学术文献库

The epoch in which galactic discs settle is a major benchmark to test models of galaxy formation and evolution but is as yet largely unknown. Once discs settle and become self-gravitating enough, stellar bars are able to form; therefore, determining the ages of bars can shed light on the epoch of disc settling, and on the onset of secular evolution. Nevertheless, until now, timing when the bar formed has proven challenging. In this work, we present a new methodology for obtaining the bar age, using the star formation history of nuclear discs. Nuclear discs are rotation-supported structures, built by gas pushed to the centre via bar-induced torques, and their formation is thus coincident with bar formation.

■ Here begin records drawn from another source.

(* Let $g\in\breve{\mathcal C}$, $0<\alpha\le\sigma(g)$, $\beta:=\inf g^{-1}(\{0\})$ and $\gamma:=\int g$. Then: (a) $\alpha\le2\gamma\le\beta\le1$, and $\alpha=2\gamma\implies 2\gamma=\beta\implies\int Tg=\frac13$; (b) the derivative $(Tg)'\colon[0,1]\to(-\infty,0]$ exists and is continuous, strictly increasing and concave; (c) $Tg\in\breve{\mathcal D}^\sharp$ with $\sigma(Tg)=\frac\gamma\beta$; (d) $\frac\beta\gamma(x-1)\le(Tg)'(x)\le\frac\alpha\gamma(x-1)$ for all $x\in[0,1]$; (e) $\int Tg\le\frac13$; (f) $\alpha\beta-4\alpha\gamma+4\gamma^2\le6(\beta-\alpha)\gamma\int Tg$.
   Context: "Decreasing" means non-increasing; $\int f:=\int_0^1 f(x)\,dx$. $\mathcal E$: measurable decreasing $f\colon[0,1]\to[0,\infty)$ with $f(0)=1$ and $\int f>0$. $\mathcal C$: continuous $f\in\mathcal E$ with $f(1)=0$; $\breve{\mathcal C}$: convex $f\in\mathcal C$. $\mathcal D$: strictly decreasing $f\in\mathcal C$. $\mathcal D'$: $f\in\mathcal D$ continuously differentiable on $(0,1]$. $\mathcal D^\sharp$: $f\in\mathcal D'$ with $f'(1)=0$ and $\lim_{x\to0}f'(x)$ existing in $(-\infty,0]$; $\breve{\mathcal D}^\sharp:=\mathcal D^\sharp\cap\breve{\mathcal C}$. For $g\in\breve{\mathcal C}$, the stride is $\sigma(g):=\sup\{\alpha\ge0:\ \alpha-x\le\alpha g(x)\ \forall x\in[0,1]\}$. For $g\in\mathcal E$, $g^*(y):=\sup\{x\in[0,1]:g(x)\ge y\}$. $T$ on $\mathcal E$: $(Tf)(x)=\frac{\int_x^1f^*}{\int f}$. *)

theory Defs
  imports "HOL-Analysis.Analysis"
begin

text \<open>Functions are considered on [0,1]; values outside are irrelevant.
 Integrals are over [0,1]. "Decreasing" means non-increasing.\<close>

definition decreasing01 :: "(real \<Rightarrow> real) \<Rightarrow> bool" where
  "decreasing01 f \<longleftrightarrow> (\<forall>x\<in>{0..1}. \<forall>y\<in>{0..1}. x \<le> y \<longrightarrow> f y \<le> f x)"

definition classE :: "(real \<Rightarrow> real) \<Rightarrow> bool" where
  "classE f \<longleftrightarrow> f \<in> borel_measurable (lebesgue_on {0..1}) \<and> decreasing01 f
     \<and> (\<forall>x\<in>{0..1}. 0 \<le> f x) \<and> f 0 = 1 \<and> integral {0..1} f > 0"

definition classC :: "(real \<Rightarrow> real) \<Rightarrow> bool" where
  "classC f \<longleftrightarrow> classE f \<and> continuous_on {0..1} f \<and> f 1 = 0"

definition classCconv :: "(real \<Rightarrow> real) \<Rightarrow> bool" where
  "classCconv f \<longleftrightarrow> classC f \<and> convex_on {0..1} f"

definition classD :: "(real \<Rightarrow> real) \<Rightarrow> bool" where
  "classD f \<longleftrightarrow> classC f \<and> (\<forall>x\<in>{0..1}. \<forall>y\<in>{0..1}. x < y \<longrightarrow> f y < f x)"

definition classD' :: "(real \<Rightarrow> real) \<Rightarrow> bool" where
  "classD' f \<longleftrightarrow> classD f \<and> (\<exists>f'. (\<forall>x\<in>{0<..1}. (f has_real_derivative f' x) (at x within {0..1}))
      \<and> continuous_on {0<..1} f')"

definition classDsharp :: "(real \<Rightarrow> real) \<Rightarrow> bool" where
  "classDsharp f \<longleftrightarrow> classD f \<and> (\<exists>f'. (\<forall>x\<in>{0<..1}. (f has_real_derivative f' x) (at x within {0..1}))
      \<and> continuous_on {0<..1} f' \<and> f' 1 = 0 \<and> (\<exists>L\<le>0. (f' \<longlongrightarrow> L) (at_right 0)))"

definition classDsharpconv :: "(real \<Rightarrow> real) \<Rightarrow> bool" where
  "classDsharpconv f \<longleftrightarrow> classDsharp f \<and> classCconv f"

definition stride :: "(real \<Rightarrow> real) \<Rightarrow> real" where
  "stride g = Sup {a. 0 \<le> a \<and> (\<forall>x\<in>{0..1}. a - x \<le> a * g x)}"

definition gstar :: "(real \<Rightarrow> real) \<Rightarrow> real \<Rightarrow> real" where
  "gstar g y = Sup {x\<in>{0..1}. y \<le> g x}"

definition T :: "(real \<Rightarrow> real) \<Rightarrow> real \<Rightarrow> real" where
  "T f x = integral {x..1} (gstar f) / integral {0..1} f"

end

theory Submission
  imports Defs
begin

text \<open>
  Let \<open>\<phi>\<close> be the inverse of \<open>g\<close> on \<open>[0, \<beta>]\<close>. It is continuous, convex and strictly
  decreasing, lies between the lines \<open>\<alpha> (1 - y)\<close> and \<open>\<beta> (1 - y)\<close>, and, by Fubini applied
  to the region under the graph of \<open>g\<close>, has the same integral \<open>\<gamma>\<close> as \<open>g\<close>.
  Since \<open>g\<^sup>*\<close> agrees with \<open>\<phi>\<close> off \<open>{0}\<close>, \<open>T g x = \<integral>\<^sub>x\<^sup>1 \<phi> / \<gamma>\<close>, so
  \<open>(T g)' = - \<phi> / \<gamma>\<close>; this gives (b) and (d), and shows that \<open>T g\<close> is convex and lies
  above its tangent at \<open>0\<close>, whose slope \<open>- \<beta> / \<gamma>\<close> determines the stride.
  Integrating by parts, \<open>\<integral> T g = J / \<gamma>\<close> with \<open>J = \<integral> y \<phi>(y) dy\<close>. If \<open>\<psi>\<close> has the
  same integral as \<open>\<phi>\<close> and \<open>\<phi> - \<psi>\<close> changes sign only once, from negative to positive,
  then \<open>\<integral> y \<psi>(y) dy \<le> J\<close>. Convexity of \<open>\<phi>\<close> yields such a single sign change against
  \<open>2 \<gamma> (1 - y)\<close> (in the opposite direction, giving (e)) and against \<open>\<alpha> (1 - y)\<close> plus a tent
  of height \<open>\<beta> - \<alpha>\<close> and base \<open>(2 \<gamma> - \<alpha>) / (\<beta> - \<alpha>)\<close> (giving (f)). The equality cases
  hold because a continuous nonnegative function with integral zero vanishes.
\<close>


lemma le_strideD:
  assumes "0 \<le> a" "a \<le> stride f" "x \<in> {0..1}"
  shows "a - x \<le> a * f x"
proof (rule ccontr)
  assume "\<not> a - x \<le> a * f x"
  then have x_lt: "x < a * (1 - f x)" by (simp add: algebra_simps)
  moreover have "0 \<le> x" using assms(3) by simp
  ultimately have "0 < a * (1 - f x)" by linarith
  with assms(1) have pos: "0 < 1 - f x" by (auto simp: zero_less_mult_iff)
  have "stride f \<le> x / (1 - f x)"
    unfolding stride_def
  proof (rule cSup_least)
    fix b assume "b \<in> {b. 0 \<le> b \<and> (\<forall>x\<in>{0..1}. b - x \<le> b * f x)}"
    then have "b - x \<le> b * f x" using assms(3) by auto
    then show "b \<le> x / (1 - f x)" using pos by (simp add: field_simps)
  qed auto
  with assms(2) have "a \<le> x / (1 - f x)" by simp
  with pos have "a * (1 - f x) \<le> x" by (simp add: field_simps)
  with x_lt show False by simp
qed

lemma stride_eq_inverse_slope:
  fixes f :: "real \<Rightarrow> real"
  assumes s: "0 < s" and f0: "f 0 = 1"
    and above_tangent: "\<And>x. x \<in> {0..1} \<Longrightarrow> 1 - s * x \<le> f x"
    and deriv: "(f has_real_derivative - s) (at 0 within {0..1})"
  shows "stride f = 1 / s"
  unfolding stride_def
proof (rule cSup_eq_maximum)
  show "1 / s \<in> {a. 0 \<le> a \<and> (\<forall>x\<in>{0..1}. a - x \<le> a * f x)}"
    using above_tangent s by (auto simp: field_simps)
next
  fix a assume "a \<in> {a. 0 \<le> a \<and> (\<forall>x\<in>{0..1}. a - x \<le> a * f x)}"
  then have a: "0 \<le> a" "\<And>x. x \<in> {0..1} \<Longrightarrow> a - x \<le> a * f x" by auto
  show "a \<le> 1 / s"
  proof (cases "a = 0")
    case True
    with s show ?thesis by simp
  next
    case False
    with a(1) have a_pos: "0 < a" by simp
    have "((\<lambda>y. (f y - f 0) / (y - 0)) \<longlongrightarrow> - s) (at_right 0)"
      using deriv by (simp add: has_field_derivative_iff at_within_Icc_at_right)
    moreover have "\<forall>\<^sub>F y in at_right 0. - 1 / a \<le> (f y - f 0) / (y - 0)"
      using eventually_at_right_real[OF zero_less_one]
    proof eventually_elim
      case (elim y)
      then have "a - y \<le> a * f y" using a(2) by auto
      with a_pos elim f0 show ?case by (simp add: field_simps)
    qed
    ultimately have "- 1 / a \<le> - s"
      by (rule tendsto_lowerbound) simp
    with a_pos s show ?thesis by (simp add: field_simps)
  qed
qed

In particular, we use integral field spectroscopic (IFS) data from the TIMER survey to disentangle the star formation history of the nuclear disc from that of the underlying main disc, which enables us to more accurately determine when the nuclear disc forms. We demonstrate the methodology on the galaxy NGC 1433 -- which we find to host an old bar that is $8.0^{+1.6}_{-1.1}\rm{(sys)}^{+0.2}_{-0.5}\rm{(stat)}$ Gyr old -- and describe a number of tests carried out on both the observational data and numerical simulations. In addition, we present evidence that the nuclear disc of NGC 1433 grows in accordance with an inside-out formation scenario. This methodology is applicable to high-resolution IFS data of barred galaxies with nuclear discs, making it ideally suited for the TIMER survey sample. In the future we will thus be able to determine the bar age for a large sample of galaxies, shedding light on the epoch of disc settling and bar formation.